◆ Activity
Among the lines below, return each one that contains the word "close".

[Given information]

lemma shift_op_resolvent: "bij (shift_op X c) \<Longrightarrow> shift_op X c (resolvent X c y) = y"
  unfolding resolvent_def by (simp add: bij_is_surj surj_f_inv_f)

lemma cayley_shift_op: "bij (shift_op X c) \<Longrightarrow> cayley X c (shift_op X c z) = shift_op X (cnj c) z"
  by (simp add: cayley_def resolvent_shift_op)

text \<open>Injectivity from \<open>\<parallel>X\<parallel> < \<bar>c\<bar>\<close>; surjectivity from the Banach fixed point theorem applied
  to \<open>x \<mapsto> (X x - y) / c\<close>.\<close>
lemma bij_shift_op:
  fixes X :: "'a::complex_hilbert \<Rightarrow> 'a"
  assumes "clinear X" and K: "\<And>x. norm (X x) \<le> norm x * K" "0 \<le> K" "K < cmod c"
  shows "bij (shift_op X c)"
proof -
  have "c \<noteq> 0" using K(2,3) by auto
  have "a = 0" if "shift_op X c a = 0" for a
  proof -
    have "cmod c * norm a \<le> norm a * K"
      using that K(1)[of a] by (simp add: shift_op_def norm_scaleC)
    then show ?thesis using K(2,3)
      by (smt (verit) mult.commute mult_less_cancel_left norm_eq_zero norm_ge_zero)
  qed
  then have "inj (shift_op X c)"
    by (intro injI) (metis clinear_diff[OF clinear_shift_op[OF assms(1)]] eq_iff_diff_eq_0)
  moreover have "\<exists>x. shift_op X c x = y" for y
  proof -
    define F where "F = (\<lambda>x. (1 / c) *\<^sub>C (X x - y))"
    have "dist (F x) (F x') \<le> (K / cmod c) * dist x x'" for x x'
    proof -
      have "F x - F x' = (1 / c) *\<^sub>C X (x - x')"
        by (simp add: F_def clinear_diff[OF assms(1)] scaleC_diff_right[symmetric])
      then have "dist (F x) (F x') = norm (X (x - x')) / cmod c"
        by (simp add: dist_norm norm_scaleC norm_divide)
      also have "\<dots> \<le> norm (x - x') * K / cmod c"
        using K(1) by (simp add: divide_right_mono)
      finally show ?thesis by (simp add: dist_norm mult.commute)
    qed
    moreover have "0 \<le> K / cmod c" "K / cmod c < 1"
      using K(2,3) by (auto simp: divide_less_eq)
    ultimately obtain x where "F x = x" using banach_fix_type[of "K / cmod c" F] by blast
    then have "c *\<^sub>C x = (c * (1 / c)) *\<^sub>C (X x - y)"
      by (metis F_def scaleC_scaleC)
    then have "c *\<^sub>C x = X x - y" using \<open>c \<noteq> 0\<close> by simp
    then have "shift_op X c x = y" by (simp add: shift_op_def algebra_simps)
    then show ?thesis ..
  qed
  ultimately show ?thesis by (metis bijI surjI)
qed

lemma cinner_shift_op_cnj:
  assumes "selfadjoint X"
  shows "cinner (shift_op X (cnj d) a) (shift_op X (cnj d) b) = cinner (shift_op X d a) (shift_op X d b)"
  using assms unfolding shift_op_def selfadjoint_def
  by (simp add: cinner_diff_left cinner_diff_right cinner_scaleC_left cinner_scaleC_right
      algebra_simps)

lemma cinner_cayley:
  assumes "selfadjoint X" "bij (shift_op X c)"
  shows "cinner (cayley X c u) (cayley X c v) = cinner u v"
  by (simp add: cayley_def cinner_shift_op_cnj[OF assms(1)] shift_op_resolvent[OF assms(2)])

lemma shift_op_intertwining:
  assumes "clinear C" "\<And>z. X1 (C z) = C (X2 z)"
  shows "shift_op X1 c (C z) = C (shift_op X2 c z)"
  by (simp add: shift_op_def assms clinear_diff[OF assms(1)] clinear_scaleC[OF assms(1)])

lemma resolvent_intertwining:
  assumes "clinear C" "\<And>z. X1 (C z) = C (X2 z)" "bij (shift_op X1 c)" "bij (shift_op X2 c)"
  shows "resolvent X1 c (C z) = C (resolvent X2 c z)"
  by (metis assms shift_op_intertwining resolvent_shift_op shift_op_resolvent)

lemma cayley_intertwining:
  assumes "clinear C" "\<And>z. X1 (C z) = C (X2 z)" "bij (shift_op X1 c)" "bij (shift_op X2 c)"
  shows "cayley X1 c (C z) = C (cayley X2 c z)"
  by (simp add: cayley_def resolvent_intertwining[OF assms]
      shift_op_intertwining[of C X1 X2, OF assms(1,2)])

[/Given information]

◆ Reply to the task
text \<open>Injectivity from \<open>\<parallel>X\<parallel> < \<bar>c\<bar>\<close>; surjectivity from the Banach fixed point theorem applied
  to \<open>x \<mapsto> (X x - y) / c\<close>.\<close>
    then have "c *\<^sub>C x = X x - y" using \<open>c \<noteq> 0\<close> by simp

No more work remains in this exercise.